TASK: In the records, find every line with the word "define" and copy it out.

========================================

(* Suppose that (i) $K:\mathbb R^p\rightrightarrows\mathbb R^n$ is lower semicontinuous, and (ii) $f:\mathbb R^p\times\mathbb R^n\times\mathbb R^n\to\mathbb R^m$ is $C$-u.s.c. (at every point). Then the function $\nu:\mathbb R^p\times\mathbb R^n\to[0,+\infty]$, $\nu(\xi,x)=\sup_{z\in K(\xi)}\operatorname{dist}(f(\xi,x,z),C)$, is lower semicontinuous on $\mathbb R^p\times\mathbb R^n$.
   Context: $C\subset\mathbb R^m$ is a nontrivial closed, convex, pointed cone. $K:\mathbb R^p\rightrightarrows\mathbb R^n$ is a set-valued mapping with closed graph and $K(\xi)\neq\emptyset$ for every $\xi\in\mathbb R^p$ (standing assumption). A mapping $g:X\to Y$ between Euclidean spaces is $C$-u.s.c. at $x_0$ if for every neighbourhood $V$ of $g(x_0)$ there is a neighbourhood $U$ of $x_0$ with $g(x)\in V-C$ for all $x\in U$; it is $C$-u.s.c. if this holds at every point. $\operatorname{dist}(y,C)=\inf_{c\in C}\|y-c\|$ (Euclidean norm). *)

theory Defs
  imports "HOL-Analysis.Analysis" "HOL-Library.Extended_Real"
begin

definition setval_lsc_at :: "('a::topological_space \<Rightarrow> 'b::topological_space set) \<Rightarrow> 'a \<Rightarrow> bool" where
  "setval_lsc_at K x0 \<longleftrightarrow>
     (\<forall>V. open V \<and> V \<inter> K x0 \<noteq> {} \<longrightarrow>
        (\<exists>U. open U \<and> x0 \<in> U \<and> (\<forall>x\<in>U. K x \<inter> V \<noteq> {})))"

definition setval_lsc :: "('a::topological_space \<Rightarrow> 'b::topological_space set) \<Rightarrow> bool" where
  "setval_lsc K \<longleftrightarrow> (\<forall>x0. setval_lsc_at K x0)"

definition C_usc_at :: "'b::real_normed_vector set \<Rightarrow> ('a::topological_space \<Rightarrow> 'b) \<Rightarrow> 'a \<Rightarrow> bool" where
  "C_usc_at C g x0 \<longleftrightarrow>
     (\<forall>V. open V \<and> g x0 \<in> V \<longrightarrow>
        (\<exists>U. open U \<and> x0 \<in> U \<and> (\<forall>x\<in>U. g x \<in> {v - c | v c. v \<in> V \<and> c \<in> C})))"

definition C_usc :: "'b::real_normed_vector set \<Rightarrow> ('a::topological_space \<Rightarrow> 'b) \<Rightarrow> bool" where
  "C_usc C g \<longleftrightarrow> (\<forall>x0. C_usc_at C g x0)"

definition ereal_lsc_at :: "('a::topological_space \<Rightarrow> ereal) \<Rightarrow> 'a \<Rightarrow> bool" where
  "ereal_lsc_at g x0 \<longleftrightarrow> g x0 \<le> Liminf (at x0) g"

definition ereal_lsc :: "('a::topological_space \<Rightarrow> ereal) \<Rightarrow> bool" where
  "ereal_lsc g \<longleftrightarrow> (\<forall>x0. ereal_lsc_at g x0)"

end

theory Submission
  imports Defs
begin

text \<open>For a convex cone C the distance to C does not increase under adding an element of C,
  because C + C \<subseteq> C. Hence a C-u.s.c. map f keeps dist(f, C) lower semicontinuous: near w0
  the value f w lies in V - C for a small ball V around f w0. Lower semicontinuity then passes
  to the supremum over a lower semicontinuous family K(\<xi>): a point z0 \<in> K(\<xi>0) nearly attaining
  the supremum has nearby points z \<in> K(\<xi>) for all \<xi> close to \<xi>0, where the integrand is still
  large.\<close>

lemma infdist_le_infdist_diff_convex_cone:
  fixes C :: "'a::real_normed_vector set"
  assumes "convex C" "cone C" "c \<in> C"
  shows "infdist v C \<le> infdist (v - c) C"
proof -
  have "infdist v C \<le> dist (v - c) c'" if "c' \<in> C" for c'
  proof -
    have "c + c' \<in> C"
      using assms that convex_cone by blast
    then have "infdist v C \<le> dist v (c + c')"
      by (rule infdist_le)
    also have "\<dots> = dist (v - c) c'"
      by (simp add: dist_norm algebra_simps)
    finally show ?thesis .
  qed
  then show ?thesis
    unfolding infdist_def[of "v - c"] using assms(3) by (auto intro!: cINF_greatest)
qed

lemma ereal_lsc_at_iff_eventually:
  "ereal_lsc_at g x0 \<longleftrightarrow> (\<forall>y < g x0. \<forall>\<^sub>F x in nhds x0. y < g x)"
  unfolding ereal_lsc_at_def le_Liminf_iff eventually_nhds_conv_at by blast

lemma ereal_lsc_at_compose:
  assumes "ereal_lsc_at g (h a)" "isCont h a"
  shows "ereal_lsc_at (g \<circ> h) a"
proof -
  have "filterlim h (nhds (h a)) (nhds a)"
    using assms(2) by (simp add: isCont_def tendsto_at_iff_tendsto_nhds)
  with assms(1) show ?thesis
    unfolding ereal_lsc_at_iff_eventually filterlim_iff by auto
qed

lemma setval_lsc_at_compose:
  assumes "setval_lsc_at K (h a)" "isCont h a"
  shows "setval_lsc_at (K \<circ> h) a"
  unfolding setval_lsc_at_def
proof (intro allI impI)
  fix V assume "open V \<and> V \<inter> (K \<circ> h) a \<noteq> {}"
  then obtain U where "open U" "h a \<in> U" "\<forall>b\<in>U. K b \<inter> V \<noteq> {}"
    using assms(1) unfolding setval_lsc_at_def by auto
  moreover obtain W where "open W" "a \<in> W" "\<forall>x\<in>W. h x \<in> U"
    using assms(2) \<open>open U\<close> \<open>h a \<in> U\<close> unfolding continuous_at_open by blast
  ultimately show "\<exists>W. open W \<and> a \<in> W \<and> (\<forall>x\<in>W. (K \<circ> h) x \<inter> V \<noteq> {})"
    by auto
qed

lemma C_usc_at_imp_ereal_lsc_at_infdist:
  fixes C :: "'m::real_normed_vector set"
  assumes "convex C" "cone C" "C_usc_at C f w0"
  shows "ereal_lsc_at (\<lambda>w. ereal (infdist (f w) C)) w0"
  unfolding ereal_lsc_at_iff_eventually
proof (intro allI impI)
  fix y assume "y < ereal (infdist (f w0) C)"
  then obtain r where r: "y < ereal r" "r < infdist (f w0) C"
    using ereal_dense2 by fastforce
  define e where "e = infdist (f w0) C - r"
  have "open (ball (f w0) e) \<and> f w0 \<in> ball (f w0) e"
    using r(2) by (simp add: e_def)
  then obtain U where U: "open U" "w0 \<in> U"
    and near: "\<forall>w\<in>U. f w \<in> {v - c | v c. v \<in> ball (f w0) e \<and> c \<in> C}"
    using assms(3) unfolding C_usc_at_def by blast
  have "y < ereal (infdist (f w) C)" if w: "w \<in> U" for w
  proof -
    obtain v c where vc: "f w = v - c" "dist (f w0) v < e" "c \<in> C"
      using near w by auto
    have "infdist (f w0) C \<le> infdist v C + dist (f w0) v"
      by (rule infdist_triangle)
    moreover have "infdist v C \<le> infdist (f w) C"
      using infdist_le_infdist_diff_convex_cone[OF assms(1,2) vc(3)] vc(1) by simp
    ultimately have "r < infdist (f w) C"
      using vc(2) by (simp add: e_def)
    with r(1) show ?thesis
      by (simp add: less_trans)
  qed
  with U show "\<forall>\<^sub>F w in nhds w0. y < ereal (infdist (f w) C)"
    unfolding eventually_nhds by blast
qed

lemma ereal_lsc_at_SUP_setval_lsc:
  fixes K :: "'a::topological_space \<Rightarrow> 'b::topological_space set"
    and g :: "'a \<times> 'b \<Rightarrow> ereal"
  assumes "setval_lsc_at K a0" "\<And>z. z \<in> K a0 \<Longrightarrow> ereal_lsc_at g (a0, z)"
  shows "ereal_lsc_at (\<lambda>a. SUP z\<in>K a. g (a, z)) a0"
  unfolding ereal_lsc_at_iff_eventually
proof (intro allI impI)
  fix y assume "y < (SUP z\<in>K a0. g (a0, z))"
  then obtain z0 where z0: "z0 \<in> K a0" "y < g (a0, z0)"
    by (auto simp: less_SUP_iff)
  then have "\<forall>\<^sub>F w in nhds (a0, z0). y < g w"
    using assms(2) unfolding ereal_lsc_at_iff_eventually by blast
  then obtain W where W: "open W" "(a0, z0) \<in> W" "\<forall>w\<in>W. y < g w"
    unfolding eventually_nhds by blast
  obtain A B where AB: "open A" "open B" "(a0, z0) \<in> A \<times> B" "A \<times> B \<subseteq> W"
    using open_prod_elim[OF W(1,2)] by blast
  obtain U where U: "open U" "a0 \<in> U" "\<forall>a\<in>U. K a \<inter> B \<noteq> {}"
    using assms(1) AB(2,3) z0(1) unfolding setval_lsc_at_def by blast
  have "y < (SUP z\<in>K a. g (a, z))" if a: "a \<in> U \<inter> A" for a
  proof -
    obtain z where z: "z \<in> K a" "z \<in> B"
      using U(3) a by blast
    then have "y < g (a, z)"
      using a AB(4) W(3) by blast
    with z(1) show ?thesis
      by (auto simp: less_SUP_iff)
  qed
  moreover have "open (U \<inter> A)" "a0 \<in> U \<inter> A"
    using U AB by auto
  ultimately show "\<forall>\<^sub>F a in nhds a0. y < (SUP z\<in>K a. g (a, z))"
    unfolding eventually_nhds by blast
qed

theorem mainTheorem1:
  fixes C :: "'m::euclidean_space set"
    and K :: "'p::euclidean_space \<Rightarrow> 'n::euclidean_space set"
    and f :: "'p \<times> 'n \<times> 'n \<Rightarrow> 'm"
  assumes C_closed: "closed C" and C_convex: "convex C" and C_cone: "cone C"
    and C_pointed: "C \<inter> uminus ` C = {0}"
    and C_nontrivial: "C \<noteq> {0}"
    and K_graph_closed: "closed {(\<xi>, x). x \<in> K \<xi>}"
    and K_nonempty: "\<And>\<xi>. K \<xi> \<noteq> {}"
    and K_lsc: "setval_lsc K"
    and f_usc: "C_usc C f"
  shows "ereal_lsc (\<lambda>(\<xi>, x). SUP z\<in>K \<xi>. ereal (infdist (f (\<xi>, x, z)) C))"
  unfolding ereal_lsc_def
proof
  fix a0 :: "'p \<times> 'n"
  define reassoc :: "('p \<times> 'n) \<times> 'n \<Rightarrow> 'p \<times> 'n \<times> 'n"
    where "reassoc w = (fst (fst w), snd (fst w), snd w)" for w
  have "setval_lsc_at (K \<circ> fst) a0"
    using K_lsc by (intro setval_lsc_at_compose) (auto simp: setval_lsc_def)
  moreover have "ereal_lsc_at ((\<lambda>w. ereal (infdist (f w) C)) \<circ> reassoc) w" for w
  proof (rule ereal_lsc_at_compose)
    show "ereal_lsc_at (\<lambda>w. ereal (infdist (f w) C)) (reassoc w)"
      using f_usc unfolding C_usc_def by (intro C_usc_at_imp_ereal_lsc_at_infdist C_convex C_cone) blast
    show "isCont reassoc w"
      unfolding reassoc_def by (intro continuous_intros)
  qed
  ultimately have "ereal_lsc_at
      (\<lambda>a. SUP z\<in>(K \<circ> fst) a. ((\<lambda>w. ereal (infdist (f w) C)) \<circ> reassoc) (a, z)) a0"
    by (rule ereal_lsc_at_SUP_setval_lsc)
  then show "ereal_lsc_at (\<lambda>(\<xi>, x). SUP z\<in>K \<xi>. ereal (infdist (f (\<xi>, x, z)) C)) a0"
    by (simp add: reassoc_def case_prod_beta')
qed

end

========================================

OUTPUT OF THE EXERCISE:
  define e where "e = infdist (f w0) C - r"
  define reassoc :: "('p \<times> 'n) \<times> 'n \<Rightarrow> 'p \<times> 'n \<times> 'n"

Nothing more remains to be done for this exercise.